> _Task requirements_: Select the lines of the records containing the word "value" and list them.
▼
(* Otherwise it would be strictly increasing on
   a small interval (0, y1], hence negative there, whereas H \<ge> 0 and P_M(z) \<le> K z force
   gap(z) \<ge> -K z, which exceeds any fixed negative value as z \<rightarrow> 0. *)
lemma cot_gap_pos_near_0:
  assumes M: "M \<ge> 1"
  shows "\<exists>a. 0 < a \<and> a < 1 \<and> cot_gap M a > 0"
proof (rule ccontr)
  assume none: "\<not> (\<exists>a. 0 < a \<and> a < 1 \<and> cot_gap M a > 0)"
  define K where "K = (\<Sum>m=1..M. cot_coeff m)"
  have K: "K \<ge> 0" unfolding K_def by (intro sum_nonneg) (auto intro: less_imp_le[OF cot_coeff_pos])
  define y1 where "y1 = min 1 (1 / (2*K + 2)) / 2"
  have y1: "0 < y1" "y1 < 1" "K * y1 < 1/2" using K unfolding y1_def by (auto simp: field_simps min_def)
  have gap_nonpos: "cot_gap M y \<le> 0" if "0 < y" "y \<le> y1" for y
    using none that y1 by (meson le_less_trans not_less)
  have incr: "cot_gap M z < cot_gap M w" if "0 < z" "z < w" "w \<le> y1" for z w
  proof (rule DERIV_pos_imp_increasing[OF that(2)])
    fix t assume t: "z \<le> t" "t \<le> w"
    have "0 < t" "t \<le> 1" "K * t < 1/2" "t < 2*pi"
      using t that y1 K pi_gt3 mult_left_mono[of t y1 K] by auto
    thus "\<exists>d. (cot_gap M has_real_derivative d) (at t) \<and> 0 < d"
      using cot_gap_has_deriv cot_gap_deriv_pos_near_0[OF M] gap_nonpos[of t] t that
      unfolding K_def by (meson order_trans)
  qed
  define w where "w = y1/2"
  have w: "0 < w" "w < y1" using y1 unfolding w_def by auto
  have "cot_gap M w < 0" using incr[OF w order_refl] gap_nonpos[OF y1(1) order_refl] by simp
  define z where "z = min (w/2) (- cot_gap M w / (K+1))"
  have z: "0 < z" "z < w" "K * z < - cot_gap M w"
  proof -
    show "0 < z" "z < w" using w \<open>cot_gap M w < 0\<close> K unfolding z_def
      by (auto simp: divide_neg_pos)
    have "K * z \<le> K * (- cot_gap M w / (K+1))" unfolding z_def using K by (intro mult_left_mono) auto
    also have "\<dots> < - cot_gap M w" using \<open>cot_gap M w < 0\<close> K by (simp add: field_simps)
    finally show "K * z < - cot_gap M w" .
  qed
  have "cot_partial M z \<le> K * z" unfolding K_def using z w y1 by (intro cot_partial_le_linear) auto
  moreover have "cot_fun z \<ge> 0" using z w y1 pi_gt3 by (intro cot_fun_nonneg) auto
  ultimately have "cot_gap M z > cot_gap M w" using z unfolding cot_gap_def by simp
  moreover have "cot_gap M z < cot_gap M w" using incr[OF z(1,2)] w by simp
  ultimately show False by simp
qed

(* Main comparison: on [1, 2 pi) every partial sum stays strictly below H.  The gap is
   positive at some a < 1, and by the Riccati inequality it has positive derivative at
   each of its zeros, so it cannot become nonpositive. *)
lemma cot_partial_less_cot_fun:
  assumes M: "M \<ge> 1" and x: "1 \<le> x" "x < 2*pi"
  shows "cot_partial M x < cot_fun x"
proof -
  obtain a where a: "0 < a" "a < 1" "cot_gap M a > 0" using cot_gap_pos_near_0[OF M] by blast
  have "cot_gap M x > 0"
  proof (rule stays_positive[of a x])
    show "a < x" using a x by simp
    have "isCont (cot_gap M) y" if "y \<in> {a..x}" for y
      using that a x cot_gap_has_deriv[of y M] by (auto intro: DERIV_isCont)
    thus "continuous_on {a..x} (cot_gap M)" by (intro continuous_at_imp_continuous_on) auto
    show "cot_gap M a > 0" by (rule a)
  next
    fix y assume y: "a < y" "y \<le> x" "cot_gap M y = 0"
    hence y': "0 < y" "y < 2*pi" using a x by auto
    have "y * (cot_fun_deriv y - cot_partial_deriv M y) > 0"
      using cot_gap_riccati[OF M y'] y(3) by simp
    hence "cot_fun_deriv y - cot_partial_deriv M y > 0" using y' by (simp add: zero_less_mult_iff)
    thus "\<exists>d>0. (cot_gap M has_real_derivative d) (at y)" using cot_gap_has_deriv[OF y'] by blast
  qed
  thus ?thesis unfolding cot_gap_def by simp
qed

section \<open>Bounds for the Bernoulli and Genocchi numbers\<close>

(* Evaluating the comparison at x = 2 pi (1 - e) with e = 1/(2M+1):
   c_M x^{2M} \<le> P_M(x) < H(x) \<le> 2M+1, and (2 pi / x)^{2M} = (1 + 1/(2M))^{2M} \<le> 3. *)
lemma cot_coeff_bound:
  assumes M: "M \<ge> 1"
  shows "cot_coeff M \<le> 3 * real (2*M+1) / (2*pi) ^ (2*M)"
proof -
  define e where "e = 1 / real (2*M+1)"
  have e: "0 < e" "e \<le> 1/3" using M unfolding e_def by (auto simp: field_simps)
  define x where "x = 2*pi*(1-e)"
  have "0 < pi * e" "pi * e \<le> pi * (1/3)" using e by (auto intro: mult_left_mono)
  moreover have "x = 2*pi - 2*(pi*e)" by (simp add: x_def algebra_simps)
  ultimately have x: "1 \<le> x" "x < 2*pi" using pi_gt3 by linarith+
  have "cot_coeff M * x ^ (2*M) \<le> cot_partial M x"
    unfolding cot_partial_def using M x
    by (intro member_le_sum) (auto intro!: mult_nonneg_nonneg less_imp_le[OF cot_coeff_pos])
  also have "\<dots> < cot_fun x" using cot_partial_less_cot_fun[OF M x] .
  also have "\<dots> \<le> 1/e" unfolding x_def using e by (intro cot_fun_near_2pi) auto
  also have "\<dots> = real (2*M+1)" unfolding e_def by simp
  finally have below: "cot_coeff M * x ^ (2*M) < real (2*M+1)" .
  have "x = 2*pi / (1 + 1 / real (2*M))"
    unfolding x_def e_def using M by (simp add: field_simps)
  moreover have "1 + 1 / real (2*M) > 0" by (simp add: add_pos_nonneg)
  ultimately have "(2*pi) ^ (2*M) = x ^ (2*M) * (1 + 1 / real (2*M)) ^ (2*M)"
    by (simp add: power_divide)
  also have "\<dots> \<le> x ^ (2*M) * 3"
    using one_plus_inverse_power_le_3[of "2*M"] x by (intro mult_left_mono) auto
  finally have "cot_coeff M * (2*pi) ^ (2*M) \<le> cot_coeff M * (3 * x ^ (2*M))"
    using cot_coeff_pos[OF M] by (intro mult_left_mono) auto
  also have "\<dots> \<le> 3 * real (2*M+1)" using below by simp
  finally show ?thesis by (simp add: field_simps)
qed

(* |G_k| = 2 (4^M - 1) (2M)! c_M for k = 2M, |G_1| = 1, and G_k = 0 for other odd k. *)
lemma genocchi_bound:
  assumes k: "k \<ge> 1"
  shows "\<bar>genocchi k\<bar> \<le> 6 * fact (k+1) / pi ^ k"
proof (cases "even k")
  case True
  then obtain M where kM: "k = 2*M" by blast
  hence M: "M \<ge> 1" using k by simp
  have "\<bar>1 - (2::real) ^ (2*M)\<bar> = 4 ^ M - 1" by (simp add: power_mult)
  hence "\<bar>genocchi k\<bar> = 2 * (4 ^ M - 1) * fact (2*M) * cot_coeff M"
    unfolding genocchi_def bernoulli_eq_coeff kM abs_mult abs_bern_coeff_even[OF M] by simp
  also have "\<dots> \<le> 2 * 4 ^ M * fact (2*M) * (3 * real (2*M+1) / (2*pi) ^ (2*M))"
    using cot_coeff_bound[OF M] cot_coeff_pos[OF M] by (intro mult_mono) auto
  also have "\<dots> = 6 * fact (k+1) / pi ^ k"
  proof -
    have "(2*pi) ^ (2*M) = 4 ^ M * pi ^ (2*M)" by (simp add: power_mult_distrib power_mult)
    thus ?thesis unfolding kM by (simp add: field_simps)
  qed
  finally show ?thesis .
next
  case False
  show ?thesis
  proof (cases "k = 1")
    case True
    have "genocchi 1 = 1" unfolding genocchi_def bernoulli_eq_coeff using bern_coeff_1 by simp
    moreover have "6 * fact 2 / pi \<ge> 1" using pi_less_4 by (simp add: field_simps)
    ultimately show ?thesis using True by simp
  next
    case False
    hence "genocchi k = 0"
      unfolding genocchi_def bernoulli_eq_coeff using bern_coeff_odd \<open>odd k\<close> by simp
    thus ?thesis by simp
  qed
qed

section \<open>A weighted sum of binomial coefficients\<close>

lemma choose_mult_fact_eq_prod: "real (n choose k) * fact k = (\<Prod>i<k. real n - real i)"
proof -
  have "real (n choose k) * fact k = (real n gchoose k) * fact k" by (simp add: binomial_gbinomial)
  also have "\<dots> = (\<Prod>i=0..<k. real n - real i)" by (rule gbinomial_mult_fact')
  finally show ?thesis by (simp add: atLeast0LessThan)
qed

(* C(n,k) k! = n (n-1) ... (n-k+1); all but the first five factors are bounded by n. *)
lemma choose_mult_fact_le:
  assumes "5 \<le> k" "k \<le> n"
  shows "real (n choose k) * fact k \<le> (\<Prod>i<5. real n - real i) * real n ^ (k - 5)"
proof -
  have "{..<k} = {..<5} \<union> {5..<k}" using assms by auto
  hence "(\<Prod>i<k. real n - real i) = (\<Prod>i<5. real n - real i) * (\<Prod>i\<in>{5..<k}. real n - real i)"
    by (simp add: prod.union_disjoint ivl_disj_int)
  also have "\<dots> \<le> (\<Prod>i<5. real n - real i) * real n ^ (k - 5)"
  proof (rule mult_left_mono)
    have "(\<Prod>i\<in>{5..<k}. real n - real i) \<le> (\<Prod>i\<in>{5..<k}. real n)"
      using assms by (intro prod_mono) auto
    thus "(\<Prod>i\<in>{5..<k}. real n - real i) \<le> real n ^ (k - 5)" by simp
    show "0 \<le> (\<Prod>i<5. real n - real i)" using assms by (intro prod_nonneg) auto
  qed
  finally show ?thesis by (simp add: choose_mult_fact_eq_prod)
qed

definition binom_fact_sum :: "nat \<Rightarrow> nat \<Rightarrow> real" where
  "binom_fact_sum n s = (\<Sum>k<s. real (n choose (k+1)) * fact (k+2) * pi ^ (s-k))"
▲
▼
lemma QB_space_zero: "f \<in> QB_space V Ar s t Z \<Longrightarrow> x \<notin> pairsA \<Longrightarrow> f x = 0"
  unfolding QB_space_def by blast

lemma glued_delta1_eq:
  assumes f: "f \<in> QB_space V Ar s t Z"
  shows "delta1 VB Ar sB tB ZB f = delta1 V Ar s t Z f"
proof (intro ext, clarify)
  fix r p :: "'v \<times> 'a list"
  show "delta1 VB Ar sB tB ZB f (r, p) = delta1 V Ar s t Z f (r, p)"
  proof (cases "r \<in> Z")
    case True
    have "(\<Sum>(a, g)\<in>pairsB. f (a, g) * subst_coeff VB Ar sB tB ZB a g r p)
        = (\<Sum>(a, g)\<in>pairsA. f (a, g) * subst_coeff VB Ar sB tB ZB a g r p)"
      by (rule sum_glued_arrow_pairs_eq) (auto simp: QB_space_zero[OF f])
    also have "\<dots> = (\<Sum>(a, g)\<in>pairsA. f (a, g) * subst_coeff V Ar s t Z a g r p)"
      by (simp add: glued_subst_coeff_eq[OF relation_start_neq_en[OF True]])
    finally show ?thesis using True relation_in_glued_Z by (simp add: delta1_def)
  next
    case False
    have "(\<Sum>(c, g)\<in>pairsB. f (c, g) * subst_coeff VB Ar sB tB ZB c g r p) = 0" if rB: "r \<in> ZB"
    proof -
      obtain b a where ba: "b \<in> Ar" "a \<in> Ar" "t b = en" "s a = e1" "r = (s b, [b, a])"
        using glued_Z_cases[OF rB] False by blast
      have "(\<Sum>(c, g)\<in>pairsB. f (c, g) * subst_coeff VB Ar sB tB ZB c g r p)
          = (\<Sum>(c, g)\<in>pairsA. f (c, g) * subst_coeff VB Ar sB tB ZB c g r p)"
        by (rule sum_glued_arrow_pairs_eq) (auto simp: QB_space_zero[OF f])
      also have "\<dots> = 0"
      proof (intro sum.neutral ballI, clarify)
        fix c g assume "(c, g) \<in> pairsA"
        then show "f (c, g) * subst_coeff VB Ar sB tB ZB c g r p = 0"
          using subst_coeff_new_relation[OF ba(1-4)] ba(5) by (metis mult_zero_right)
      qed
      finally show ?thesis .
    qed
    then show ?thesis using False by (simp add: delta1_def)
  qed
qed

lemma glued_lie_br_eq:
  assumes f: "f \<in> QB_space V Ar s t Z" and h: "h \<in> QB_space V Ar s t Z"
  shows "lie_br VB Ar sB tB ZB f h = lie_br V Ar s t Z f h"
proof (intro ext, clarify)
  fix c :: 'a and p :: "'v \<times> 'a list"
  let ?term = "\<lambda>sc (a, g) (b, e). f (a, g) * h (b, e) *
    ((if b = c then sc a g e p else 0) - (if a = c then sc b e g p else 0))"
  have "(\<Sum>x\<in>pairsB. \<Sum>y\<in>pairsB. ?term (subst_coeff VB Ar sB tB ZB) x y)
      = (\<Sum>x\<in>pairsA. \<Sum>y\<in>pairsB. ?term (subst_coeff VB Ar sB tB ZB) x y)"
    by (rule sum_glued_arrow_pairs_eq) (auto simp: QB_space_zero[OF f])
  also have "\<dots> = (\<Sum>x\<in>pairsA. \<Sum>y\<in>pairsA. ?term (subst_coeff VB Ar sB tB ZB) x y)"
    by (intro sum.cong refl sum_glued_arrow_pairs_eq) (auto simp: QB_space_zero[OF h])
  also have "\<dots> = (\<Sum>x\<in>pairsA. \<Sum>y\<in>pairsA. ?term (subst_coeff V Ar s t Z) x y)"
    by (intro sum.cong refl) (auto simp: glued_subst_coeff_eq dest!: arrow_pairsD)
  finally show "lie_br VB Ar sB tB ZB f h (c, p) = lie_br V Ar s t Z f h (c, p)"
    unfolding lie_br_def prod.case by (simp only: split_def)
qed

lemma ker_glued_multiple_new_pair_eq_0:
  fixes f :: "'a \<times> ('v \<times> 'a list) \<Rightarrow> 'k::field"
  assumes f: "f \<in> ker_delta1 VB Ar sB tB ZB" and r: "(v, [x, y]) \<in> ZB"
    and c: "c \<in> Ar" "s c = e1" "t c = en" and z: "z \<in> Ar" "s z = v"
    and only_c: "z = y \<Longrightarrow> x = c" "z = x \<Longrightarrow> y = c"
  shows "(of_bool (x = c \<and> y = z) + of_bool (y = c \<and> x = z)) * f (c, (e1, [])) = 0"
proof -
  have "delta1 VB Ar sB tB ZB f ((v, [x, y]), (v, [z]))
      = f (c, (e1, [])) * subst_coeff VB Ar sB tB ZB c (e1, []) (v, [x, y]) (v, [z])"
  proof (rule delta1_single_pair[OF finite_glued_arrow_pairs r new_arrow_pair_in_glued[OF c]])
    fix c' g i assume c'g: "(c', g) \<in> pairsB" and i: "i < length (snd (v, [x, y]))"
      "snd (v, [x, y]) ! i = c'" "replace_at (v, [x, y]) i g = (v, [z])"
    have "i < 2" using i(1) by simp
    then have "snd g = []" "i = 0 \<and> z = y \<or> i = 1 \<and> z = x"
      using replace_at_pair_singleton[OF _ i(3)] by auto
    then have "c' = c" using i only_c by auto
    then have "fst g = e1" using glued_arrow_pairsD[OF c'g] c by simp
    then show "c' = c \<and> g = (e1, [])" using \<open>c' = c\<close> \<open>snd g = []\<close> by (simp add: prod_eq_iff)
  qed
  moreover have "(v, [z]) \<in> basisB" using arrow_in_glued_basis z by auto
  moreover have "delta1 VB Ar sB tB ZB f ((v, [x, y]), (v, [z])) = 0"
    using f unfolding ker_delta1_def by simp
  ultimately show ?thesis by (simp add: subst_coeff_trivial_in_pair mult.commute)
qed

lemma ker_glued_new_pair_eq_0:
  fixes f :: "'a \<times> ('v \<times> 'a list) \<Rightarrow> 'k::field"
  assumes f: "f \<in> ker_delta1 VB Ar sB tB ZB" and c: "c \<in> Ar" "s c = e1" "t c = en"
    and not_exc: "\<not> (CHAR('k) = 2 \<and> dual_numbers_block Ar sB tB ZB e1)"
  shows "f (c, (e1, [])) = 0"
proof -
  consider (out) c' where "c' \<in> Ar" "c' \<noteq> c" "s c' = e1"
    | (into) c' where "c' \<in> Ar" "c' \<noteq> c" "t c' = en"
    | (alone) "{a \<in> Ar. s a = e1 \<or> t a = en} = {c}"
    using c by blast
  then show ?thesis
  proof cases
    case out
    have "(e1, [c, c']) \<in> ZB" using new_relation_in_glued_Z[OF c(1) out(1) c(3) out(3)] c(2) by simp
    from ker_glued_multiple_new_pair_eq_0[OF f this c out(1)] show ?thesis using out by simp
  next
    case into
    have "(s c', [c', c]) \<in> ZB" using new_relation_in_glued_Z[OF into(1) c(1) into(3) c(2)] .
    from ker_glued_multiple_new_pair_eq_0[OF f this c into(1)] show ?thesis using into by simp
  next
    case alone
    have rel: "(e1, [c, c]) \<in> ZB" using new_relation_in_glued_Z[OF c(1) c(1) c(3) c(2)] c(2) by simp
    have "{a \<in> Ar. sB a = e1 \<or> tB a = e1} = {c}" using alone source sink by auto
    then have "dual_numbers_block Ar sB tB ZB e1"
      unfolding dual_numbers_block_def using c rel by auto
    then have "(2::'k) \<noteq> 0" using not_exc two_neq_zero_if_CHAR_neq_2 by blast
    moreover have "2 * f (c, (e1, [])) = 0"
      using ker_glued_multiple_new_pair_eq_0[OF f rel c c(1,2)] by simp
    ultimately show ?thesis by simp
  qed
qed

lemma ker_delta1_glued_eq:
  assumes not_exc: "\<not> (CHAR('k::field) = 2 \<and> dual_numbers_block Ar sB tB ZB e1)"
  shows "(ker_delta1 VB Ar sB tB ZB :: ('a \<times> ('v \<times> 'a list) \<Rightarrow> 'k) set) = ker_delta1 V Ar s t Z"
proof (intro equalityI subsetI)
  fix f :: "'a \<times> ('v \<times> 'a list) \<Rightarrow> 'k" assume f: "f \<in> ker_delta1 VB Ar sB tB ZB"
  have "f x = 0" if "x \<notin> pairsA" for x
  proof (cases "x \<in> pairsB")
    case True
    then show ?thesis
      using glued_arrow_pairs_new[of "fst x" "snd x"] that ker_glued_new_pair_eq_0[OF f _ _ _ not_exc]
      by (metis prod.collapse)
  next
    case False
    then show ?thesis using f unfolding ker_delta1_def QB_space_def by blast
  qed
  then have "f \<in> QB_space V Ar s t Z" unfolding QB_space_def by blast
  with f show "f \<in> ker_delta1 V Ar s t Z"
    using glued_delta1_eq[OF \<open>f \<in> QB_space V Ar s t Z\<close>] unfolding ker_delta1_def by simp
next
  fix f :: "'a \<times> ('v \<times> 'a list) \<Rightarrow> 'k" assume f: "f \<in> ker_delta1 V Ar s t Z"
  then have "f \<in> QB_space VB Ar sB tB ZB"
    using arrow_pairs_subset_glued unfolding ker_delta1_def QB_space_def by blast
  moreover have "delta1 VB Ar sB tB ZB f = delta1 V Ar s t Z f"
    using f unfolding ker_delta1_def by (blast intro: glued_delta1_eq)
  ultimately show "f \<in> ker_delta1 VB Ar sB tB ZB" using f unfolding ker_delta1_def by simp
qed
▲
▼
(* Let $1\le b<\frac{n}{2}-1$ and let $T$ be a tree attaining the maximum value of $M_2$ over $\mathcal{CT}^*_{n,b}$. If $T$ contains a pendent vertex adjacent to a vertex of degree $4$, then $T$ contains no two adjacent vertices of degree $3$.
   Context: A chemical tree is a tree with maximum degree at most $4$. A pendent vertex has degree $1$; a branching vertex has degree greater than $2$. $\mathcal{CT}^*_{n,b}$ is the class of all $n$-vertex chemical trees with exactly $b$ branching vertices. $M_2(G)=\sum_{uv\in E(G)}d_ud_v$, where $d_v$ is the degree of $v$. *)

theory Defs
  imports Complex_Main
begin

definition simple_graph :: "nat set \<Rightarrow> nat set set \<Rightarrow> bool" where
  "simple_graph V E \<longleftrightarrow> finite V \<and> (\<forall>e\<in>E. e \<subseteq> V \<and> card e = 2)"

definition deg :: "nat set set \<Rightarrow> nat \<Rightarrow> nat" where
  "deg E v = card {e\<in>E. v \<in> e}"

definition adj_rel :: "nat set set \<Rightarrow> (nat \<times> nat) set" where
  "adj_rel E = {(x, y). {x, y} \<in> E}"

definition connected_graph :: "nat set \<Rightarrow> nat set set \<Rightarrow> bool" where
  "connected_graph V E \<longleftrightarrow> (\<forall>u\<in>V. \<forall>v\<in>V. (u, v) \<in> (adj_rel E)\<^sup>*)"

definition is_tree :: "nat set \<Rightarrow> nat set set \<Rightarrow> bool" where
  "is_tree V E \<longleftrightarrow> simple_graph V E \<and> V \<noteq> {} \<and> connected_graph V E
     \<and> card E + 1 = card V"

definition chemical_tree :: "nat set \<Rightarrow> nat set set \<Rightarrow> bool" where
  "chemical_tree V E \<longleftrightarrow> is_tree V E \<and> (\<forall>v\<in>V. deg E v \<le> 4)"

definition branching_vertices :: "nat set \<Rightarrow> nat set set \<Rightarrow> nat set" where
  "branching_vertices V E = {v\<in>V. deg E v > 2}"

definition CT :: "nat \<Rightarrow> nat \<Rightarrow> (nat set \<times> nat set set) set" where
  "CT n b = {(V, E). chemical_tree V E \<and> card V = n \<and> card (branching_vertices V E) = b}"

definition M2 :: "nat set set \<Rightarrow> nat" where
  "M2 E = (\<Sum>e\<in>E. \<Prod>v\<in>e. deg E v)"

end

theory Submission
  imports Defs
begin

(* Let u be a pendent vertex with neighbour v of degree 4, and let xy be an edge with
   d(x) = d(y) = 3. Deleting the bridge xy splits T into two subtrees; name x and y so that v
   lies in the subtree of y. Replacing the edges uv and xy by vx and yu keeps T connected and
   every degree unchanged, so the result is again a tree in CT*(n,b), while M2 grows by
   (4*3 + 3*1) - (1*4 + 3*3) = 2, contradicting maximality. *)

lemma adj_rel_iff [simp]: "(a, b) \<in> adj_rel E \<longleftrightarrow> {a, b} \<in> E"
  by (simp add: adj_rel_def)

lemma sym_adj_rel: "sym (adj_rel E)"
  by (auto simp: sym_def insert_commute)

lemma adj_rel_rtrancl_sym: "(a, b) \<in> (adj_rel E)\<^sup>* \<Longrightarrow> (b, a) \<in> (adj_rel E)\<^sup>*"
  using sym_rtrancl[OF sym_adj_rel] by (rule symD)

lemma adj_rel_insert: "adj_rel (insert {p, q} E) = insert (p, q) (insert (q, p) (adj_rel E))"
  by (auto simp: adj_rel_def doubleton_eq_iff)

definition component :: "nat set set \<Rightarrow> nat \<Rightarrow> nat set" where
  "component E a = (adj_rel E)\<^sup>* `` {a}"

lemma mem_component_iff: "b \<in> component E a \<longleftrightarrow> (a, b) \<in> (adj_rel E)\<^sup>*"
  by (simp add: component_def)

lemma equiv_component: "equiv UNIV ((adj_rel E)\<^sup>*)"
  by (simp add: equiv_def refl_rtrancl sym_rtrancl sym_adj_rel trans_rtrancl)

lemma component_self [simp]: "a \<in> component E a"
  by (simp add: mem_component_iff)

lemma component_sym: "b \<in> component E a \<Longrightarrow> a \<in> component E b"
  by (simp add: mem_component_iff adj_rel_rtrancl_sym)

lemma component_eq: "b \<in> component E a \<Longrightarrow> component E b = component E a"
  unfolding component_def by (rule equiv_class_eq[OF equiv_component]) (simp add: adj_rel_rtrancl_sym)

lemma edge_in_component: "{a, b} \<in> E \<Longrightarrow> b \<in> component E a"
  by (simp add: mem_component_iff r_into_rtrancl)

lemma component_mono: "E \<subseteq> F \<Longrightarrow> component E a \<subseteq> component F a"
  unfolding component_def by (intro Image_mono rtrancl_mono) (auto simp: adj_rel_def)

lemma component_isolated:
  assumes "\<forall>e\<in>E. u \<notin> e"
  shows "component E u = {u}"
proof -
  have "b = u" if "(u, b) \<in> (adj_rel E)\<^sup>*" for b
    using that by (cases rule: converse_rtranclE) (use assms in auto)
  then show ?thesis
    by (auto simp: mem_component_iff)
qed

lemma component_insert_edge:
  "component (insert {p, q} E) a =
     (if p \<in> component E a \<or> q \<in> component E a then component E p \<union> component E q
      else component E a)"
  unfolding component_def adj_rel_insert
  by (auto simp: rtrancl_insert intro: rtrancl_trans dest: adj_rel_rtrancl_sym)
▲
> _Your solution_:
   gap(z) \<ge> -K z, which exceeds any fixed negative value as z \<rightarrow> 0. *)
(* Let $1\le b<\frac{n}{2}-1$ and let $T$ be a tree attaining the maximum value of $M_2$ over $\mathcal{CT}^*_{n,b}$. If $T$ contains a pendent vertex adjacent to a vertex of degree $4$, then $T$ contains no two adjacent vertices of degree $3$.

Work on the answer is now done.